(* Let $\Omega=(0,L)^2$ with periodic boundary conditions, $M$ a positive integer, $h=L/M$, and let $\mathbb{V}_h\cong\mathbb{R}^{M^2}$ be the space of real grid functions on the periodic grid $\{(ih,jh):1\le i,j\le M\}$. Let $\Lambda_h$ be the standard five-point central-difference matrix of the Laplacian with periodic boundary conditions, and $\varepsilon>0$. Let $\tau_k>0$ ($k\ge1$) be time steps, $t_k=\sum_{j\le k}\tau_j$, $t_0=0$, with step ratios $r_k=\tau_k/\tau_{k-1}$ for $k\ge2$ and $r_1:=0$. Let $u^n\in\mathbb{V}_h$ solve $$D_2u^n=\varepsilon^2\Lambda_hu^n-f(u^n),\qquad n\ge1,$$ where $f(u)=u^{3}-u$ componentwise, $D_2u^1=(u^1-u^0)/\tau_1$ and, for $n\ge2$, $D_2u^n=\frac{1+2r_n}{\tau_n(1+r_n)}(u^n-u^{n-1})-\frac{r_n^2}{\tau_n(1+r_n)}(u^{n-1}-u^{n-2})$. Assume $$0<r_k<\frac{3+\sqrt{17}}{2}\quad\text{for } 2\le k\le N,$$ and $$\tau_k\le\min\Big\{\frac{1+2r_k}{1+r_k},\ \frac{2+4r_k-r_k^2}{1+r_k}-\frac{r_{k+1}}{1+r_{k+1}}\Big\}\quad\text{for } k\ge1.$$ Define, for $k\ge0$, $$E[u^k]=-\frac{\varepsilon^2}{2}(u^k)^T\Lambda_hu^k+\frac14\sum_{i}\big(1-(u_i^k)^2\big)^2,$$ and the modified energy $\widehat E[u^0]=E[u^0]$ and, for $k\ge1$, $$\widehat E[u^k]=E[u^k]+\frac{r_{k+1}\tau_k}{2(1+r_{k+1})}\sum_i\Big(\frac{u_i^k-u_i^{k-1}}{\tau_k}\Big)^2,$$ where sums run over all components (grid points). Then $\widehat E[u^k]\le\widehat E[u^{k-1}]$ for all $k\ge1$.
   Context: Nonlinear operations on vectors are componentwise. The ratios $r_{k+1}$ appearing in the step condition and modified energy refer to the (positive) ratio of the next step to the current step. *)

theory Defs
  imports Complex_Main
begin

text \<open>Periodic grid with M x M points, indexed by (i,j) with 0 <= i,j < M
  (the paper's index i in 1..M corresponds to i mod M). Grid functions are
  maps nat \<times> nat \<Rightarrow> real, of which only the values on the grid matter.\<close>

definition grid :: "nat \<Rightarrow> (nat \<times> nat) set" where
  "grid M = {0..<M} \<times> {0..<M}"

definition lap_h :: "real \<Rightarrow> nat \<Rightarrow> (nat \<times> nat \<Rightarrow> real) \<Rightarrow> nat \<times> nat \<Rightarrow> real" where
  "lap_h L M u p = (let h = L / real M; i = fst p; j = snd p in
     (u ((i + 1) mod M, j) + u ((i + M - 1) mod M, j)
      + u (i, (j + 1) mod M) + u (i, (j + M - 1) mod M) - 4 * u (i, j)) / h\<^sup>2)"

definition ratio :: "(nat \<Rightarrow> real) \<Rightarrow> nat \<Rightarrow> real" where
  "ratio tau k = (if k \<ge> 2 then tau k / tau (k - 1) else 0)"

definition D2 :: "(nat \<Rightarrow> real) \<Rightarrow> (nat \<Rightarrow> nat \<times> nat \<Rightarrow> real) \<Rightarrow> nat \<Rightarrow> nat \<times> nat \<Rightarrow> real" where
  "D2 tau u n p =
     (if n = 1 then (u 1 p - u 0 p) / tau 1
      else (1 + 2 * ratio tau n) / (tau n * (1 + ratio tau n)) * (u n p - u (n - 1) p)
           - (ratio tau n)\<^sup>2 / (tau n * (1 + ratio tau n)) * (u (n - 1) p - u (n - 2) p))"

definition energy :: "real \<Rightarrow> nat \<Rightarrow> real \<Rightarrow> (nat \<times> nat \<Rightarrow> real) \<Rightarrow> real" where
  "energy L M \<epsilon> v = - (\<epsilon>\<^sup>2 / 2) * (\<Sum>p\<in>grid M. v p * lap_h L M v p)
                      + (1 / 4) * (\<Sum>p\<in>grid M. (1 - (v p)\<^sup>2)\<^sup>2)"

definition mod_energy :: "real \<Rightarrow> nat \<Rightarrow> real \<Rightarrow> (nat \<Rightarrow> real) \<Rightarrow> (nat \<Rightarrow> nat \<times> nat \<Rightarrow> real) \<Rightarrow> nat \<Rightarrow> real" where
  "mod_energy L M \<epsilon> tau u k =
     (if k = 0 then energy L M \<epsilon> (u 0)
      else energy L M \<epsilon> (u k)
        + ratio tau (k + 1) * tau k / (2 * (1 + ratio tau (k + 1)))
          * (\<Sum>p\<in>grid M. ((u k p - u (k - 1) p) / tau k)\<^sup>2))"

end

theory Submission
  imports Defs
begin

text \<open>Write \<open>\<delta>\<^sup>k = u\<^sup>k - u\<^sup>k\<^sup>-\<^sup>1\<close>. By summation by parts \<open>-\<Lambda>\<^sub>h\<close> is positive semidefinite, so the
  quadratic part of the energy is concave along \<open>\<delta>\<^sup>k\<close>; the double well satisfies
  \<open>W(a) - W(b) \<le> f(a)(a - b) + (a - b)\<^sup>2/2\<close>. Together with the scheme this gives
  \<open>E[u\<^sup>k] - E[u\<^sup>k\<^sup>-\<^sup>1] \<le> -\<langle>D\<^sub>2u\<^sup>k, \<delta>\<^sup>k\<rangle> + |\<delta>\<^sup>k|\<^sup>2/2\<close>. Expanding \<open>D\<^sub>2u\<^sup>k\<close> and bounding the cross term by
  \<open>2\<langle>\<delta>\<^sup>k\<^sup>-\<^sup>1, \<delta>\<^sup>k\<rangle> \<le> |\<delta>\<^sup>k\<^sup>-\<^sup>1|\<^sup>2 + |\<delta>\<^sup>k|\<^sup>2\<close>, the \<open>|\<delta>\<^sup>k\<^sup>-\<^sup>1|\<^sup>2\<close> term is exactly the correction term of
  the modified energy at step \<open>k - 1\<close>, while the step-size bound makes the total coefficient of \<open>|\<delta>\<^sup>k|\<^sup>2\<close> nonpositive.\<close>

lemma sum_mult_second_difference:
  fixes x y :: "'a \<Rightarrow> 'b::comm_ring_1"
  assumes "\<And>p. p \<in> A \<Longrightarrow> \<sigma> p \<in> A \<and> \<sigma>' p \<in> A \<and> \<sigma> (\<sigma>' p) = p \<and> \<sigma>' (\<sigma> p) = p"
  shows "(\<Sum>p\<in>A. x p * (y (\<sigma> p) + y (\<sigma>' p) - 2 * y p))
       = - (\<Sum>p\<in>A. (x (\<sigma> p) - x p) * (y (\<sigma> p) - y p))"
proof -
  have shift_cross: "(\<Sum>p\<in>A. x (\<sigma> p) * y p) = (\<Sum>p\<in>A. x p * y (\<sigma>' p))"
    by (rule sum.reindex_bij_witness[of _ \<sigma>' \<sigma>]) (use assms in auto)
  have shift_diag: "(\<Sum>p\<in>A. x (\<sigma> p) * y (\<sigma> p)) = (\<Sum>p\<in>A. x p * y p)"
    by (rule sum.reindex_bij_witness[of _ \<sigma>' \<sigma>]) (use assms in auto)
  have "(\<Sum>p\<in>A. x p * (y (\<sigma> p) + y (\<sigma>' p) - 2 * y p) + (x (\<sigma> p) - x p) * (y (\<sigma> p) - y p))
      = (\<Sum>p\<in>A. (x p * y (\<sigma>' p) - x (\<sigma> p) * y p) + (x (\<sigma> p) * y (\<sigma> p) - x p * y p))"
    by (rule sum.cong) (simp_all add: algebra_simps)
  also have "\<dots> = 0"
    using shift_cross shift_diag by (simp add: sum.distrib sum_subtractf)
  finally show ?thesis
    by (simp add: sum.distrib eq_neg_iff_add_eq_0)
qed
----------------------------------------
_Exercise description_
Nothing should appear in the answer except the lines above from the line with "j = snd p in" through the line with "(if k = 0 then", both included, written out exactly.

_Written answer_
  "lap_h L M u p = (let h = L / real M; i = fst p; j = snd p in
     (u ((i + 1) mod M, j) + u ((i + M - 1) mod M, j)
      + u (i, (j + 1) mod M) + u (i, (j + M - 1) mod M) - 4 * u (i, j)) / h\<^sup>2)"

definition ratio :: "(nat \<Rightarrow> real) \<Rightarrow> nat \<Rightarrow> real" where
  "ratio tau k = (if k \<ge> 2 then tau k / tau (k - 1) else 0)"

definition D2 :: "(nat \<Rightarrow> real) \<Rightarrow> (nat \<Rightarrow> nat \<times> nat \<Rightarrow> real) \<Rightarrow> nat \<Rightarrow> nat \<times> nat \<Rightarrow> real" where
  "D2 tau u n p =
     (if n = 1 then (u 1 p - u 0 p) / tau 1
      else (1 + 2 * ratio tau n) / (tau n * (1 + ratio tau n)) * (u n p - u (n - 1) p)
           - (ratio tau n)\<^sup>2 / (tau n * (1 + ratio tau n)) * (u (n - 1) p - u (n - 2) p))"

definition energy :: "real \<Rightarrow> nat \<Rightarrow> real \<Rightarrow> (nat \<times> nat \<Rightarrow> real) \<Rightarrow> real" where
  "energy L M \<epsilon> v = - (\<epsilon>\<^sup>2 / 2) * (\<Sum>p\<in>grid M. v p * lap_h L M v p)
                      + (1 / 4) * (\<Sum>p\<in>grid M. (1 - (v p)\<^sup>2)\<^sup>2)"

definition mod_energy :: "real \<Rightarrow> nat \<Rightarrow> real \<Rightarrow> (nat \<Rightarrow> real) \<Rightarrow> (nat \<Rightarrow> nat \<times> nat \<Rightarrow> real) \<Rightarrow> nat \<Rightarrow> real" where
  "mod_energy L M \<epsilon> tau u k =
     (if k = 0 then energy L M \<epsilon> (u 0)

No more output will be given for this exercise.